**Exercise requirements**
Are you able to retype all the records below exactly?

[Saved data entries]
theorem proposition1:
  fixes M :: "'a measure" and g :: "link \<Rightarrow> nat \<Rightarrow> 'a \<Rightarrow> real"
    and Nb K :: nat and rS :: "nat \<Rightarrow> real" and rR :: "nat \<Rightarrow> nat \<Rightarrow> real"
  assumes "prob_space M"
    and "prob_space.indep_vars M (\<lambda>_. borel) (\<lambda>(a, k). g a k) (UNIV \<times> {1..K})"
    and "\<forall>a. \<forall>k\<in>{1..K}. distr M borel (g a k) = distr M borel (g a 1)"
    and "\<forall>a. \<forall>k\<in>{1..K}. \<forall>x. measure M {w\<in>space M. g a k w = x} = 0"
    and "\<forall>a. \<forall>k\<in>{1..K}. \<forall>w\<in>space M. 0 \<le> g a k w"
    and "K \<ge> 1" and "Nb > 0"
    and "\<forall>k\<in>{1..K}. 0 \<le> rS k"
    and "\<forall>l k. 1 \<le> l \<and> l < k \<and> k \<le> K \<longrightarrow> 0 \<le> rR l k"
  defines "D \<equiv> (\<Sum>i=1..K. rS i * pSD M g rS (i - 1) * pSR M g rS (i - 1))
      + (\<Sum>i=1..K-1. (pSR M g rS (i - 1) - pSR M g rS i) *
           ((\<Sum>l=i+2..K. rR i l * pSRD M g rS rR i (l - 1)) + rR i (i + 1) * pSD M g rS i))"
  shows "P_out M g K rS rR = pSD M g rS K * pSR M g rS (K - 1)
           + (\<Sum>i=1..K-1. (pSR M g rS (i - 1) - pSR M g rS i) * pSRD M g rS rR i K)
       \<and> N_s_bar M g Nb K rS rR = real Nb * D
       \<and> throughput M g Nb K rS rR = (1 - P_out M g K rS rR) / D"
proof -
  interpret harq_channel M g K rS rR
    using assms(1,2,5,6,8,9)
    by (intro harq_channel.intro harq_channel_axioms.intro) auto
  have N: "N_s_bar M g Nb K rS rR = real Nb * D"
    unfolding D_def N_s_bar_eq_sum source_uses_eq relay_uses_eq ..
  moreover have "throughput M g Nb K rS rR = (1 - P_out M g K rS rR) / D"
    unfolding throughput_def N using \<open>Nb > 0\<close> by simp
  ultimately show ?thesis
    using P_out_eq by blast
qed

end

**Written solution**
theorem proposition1:
  fixes M :: "'a measure" and g :: "link \<Rightarrow> nat \<Rightarrow> 'a \<Rightarrow> real"
    and Nb K :: nat and rS :: "nat \<Rightarrow> real" and rR :: "nat \<Rightarrow> nat \<Rightarrow> real"
  assumes "prob_space M"
    and "prob_space.indep_vars M (\<lambda>_. borel) (\<lambda>(a, k). g a k) (UNIV \<times> {1..K})"
    and "\<forall>a. \<forall>k\<in>{1..K}. distr M borel (g a k) = distr M borel (g a 1)"
    and "\<forall>a. \<forall>k\<in>{1..K}. \<forall>x. measure M {w\<in>space M. g a k w = x} = 0"
    and "\<forall>a. \<forall>k\<in>{1..K}. \<forall>w\<in>space M. 0 \<le> g a k w"
    and "K \<ge> 1" and "Nb > 0"
    and "\<forall>k\<in>{1..K}. 0 \<le> rS k"
    and "\<forall>l k. 1 \<le> l \<and> l < k \<and> k \<le> K \<longrightarrow> 0 \<le> rR l k"
  defines "D \<equiv> (\<Sum>i=1..K. rS i * pSD M g rS (i - 1) * pSR M g rS (i - 1))
      + (\<Sum>i=1..K-1. (pSR M g rS (i - 1) - pSR M g rS i) *
           ((\<Sum>l=i+2..K. rR i l * pSRD M g rS rR i (l - 1)) + rR i (i + 1) * pSD M g rS i))"
  shows "P_out M g K rS rR = pSD M g rS K * pSR M g rS (K - 1)
           + (\<Sum>i=1..K-1. (pSR M g rS (i - 1) - pSR M g rS i) * pSRD M g rS rR i K)
       \<and> N_s_bar M g Nb K rS rR = real Nb * D
       \<and> throughput M g Nb K rS rR = (1 - P_out M g K rS rR) / D"
proof -
  interpret harq_channel M g K rS rR
    using assms(1,2,5,6,8,9)
    by (intro harq_channel.intro harq_channel_axioms.intro) auto
  have N: "N_s_bar M g Nb K rS rR = real Nb * D"
    unfolding D_def N_s_bar_eq_sum source_uses_eq relay_uses_eq ..
  moreover have "throughput M g Nb K rS rR = (1 - P_out M g K rS rR) / D"
    unfolding throughput_def N using \<open>Nb > 0\<close> by simp
  ultimately show ?thesis
    using P_out_eq by blast
qed

end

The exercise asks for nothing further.